[Stored data]
(* Let $\mathbf A$ be a finite relational structure that has a $(k+1)$-ary near-unanimity polymorphism for some $k\ge 2$. Then $\mathrm{CSP}(\mathbf A)$ and $\exists\mathrm{CSP}(\mathbf A)$ are sublinear-query testable with one-sided error.
   Context: A $(k+1)$-ary near-unanimity operation $n$ on $A$ satisfies $n(b,a,\dots,a)=n(a,b,a,\dots,a)=\dots=n(a,\dots,a,b)=a$ for all $a,b$; polymorphism of $\mathbf A$ means it preserves every relation of $\mathbf A$ (coordinatewise application to tuples of the relation stays in the relation). $\mathrm{CSP}(\mathbf A)$: instances $(V,\mathcal C,w)$ with constraints from relations of $\mathbf A$ and weights $w:V\to[0,1]$ summing to 1. $\exists\mathrm{CSP}(\mathbf A)$: instances $(V,V^\exists,\mathcal C,w)$ also allowing existentially quantified variables $V^\exists$ in constraints, weights on free variables $V$; $f:V\to A$ is satisfying iff it extends to a satisfying assignment of all variables. $f$ is $\epsilon$-far if its weighted distance to every satisfying assignment exceeds $\epsilon$. An $\epsilon$-tester gets instance and $\epsilon$, queries $f$, accepts satisfying $f$ with probability $\ge2/3$ and rejects $\epsilon$-far $f$ with probability $\ge 2/3$; one-sided error means satisfying $f$ are always accepted. Sublinear-query testable: for every $\epsilon\in(0,1)$ there is an $\epsilon$-tester making $o(n)$ queries, $n=|V|$. *)

theory Defs
  imports "HOL-Probability.Probability" "HOL-Library.Landau_Symbols"
begin

definition rel_structure :: "(nat \<times> 'a list set) set \<Rightarrow> bool" where
  "rel_structure Rels \<longleftrightarrow> finite Rels \<and> (\<forall>(m, R) \<in> Rels. \<forall>t \<in> R. length t = m)"

text \<open>A (k+1)-ary operation is a function on argument lists of length k+1.\<close>

definition near_unanimity :: "nat \<Rightarrow> ('a list \<Rightarrow> 'a) \<Rightarrow> bool" where
  "near_unanimity k nu \<longleftrightarrow>
     (\<forall>a b i. i \<le> k \<longrightarrow> nu ((replicate (Suc k) a)[i := b]) = a)"

definition polymorphism :: "nat \<Rightarrow> ('a list \<Rightarrow> 'a) \<Rightarrow> (nat \<times> 'a list set) set \<Rightarrow> bool" where
  "polymorphism k nu Rels \<longleftrightarrow>
     (\<forall>(m, R) \<in> Rels. \<forall>ts. length ts = Suc k \<and> set ts \<subseteq> R \<longrightarrow>
        map (\<lambda>j. nu (map (\<lambda>t. t ! j) ts)) [0..<m] \<in> R)"

text \<open>An instance of ExCSP(A): free variables V, existentially quantified variables Vex,
  constraints C (pairs of a scope and a relation of A), weights w on V.\<close>

definition ecsp_instance ::
  "(nat \<times> 'a list set) set \<Rightarrow> 'v set \<Rightarrow> 'v set \<Rightarrow> ('v list \<times> 'a list set) set \<Rightarrow> ('v \<Rightarrow> real) \<Rightarrow> bool" where
  "ecsp_instance Rels V Vex C w \<longleftrightarrow>
     finite V \<and> finite Vex \<and> V \<inter> Vex = {} \<and> finite C \<and>
     (\<forall>(s, R) \<in> C. (length s, R) \<in> Rels \<and> set s \<subseteq> V \<union> Vex) \<and>
     (\<forall>v \<in> V. 0 \<le> w v \<and> w v \<le> 1) \<and> (\<Sum>v\<in>V. w v) = 1"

WORK TO COMPLETE: Report only the number of lines, among the records above, that contain the word "longleftrightarrow".

EXERCISE RESPONSE: 4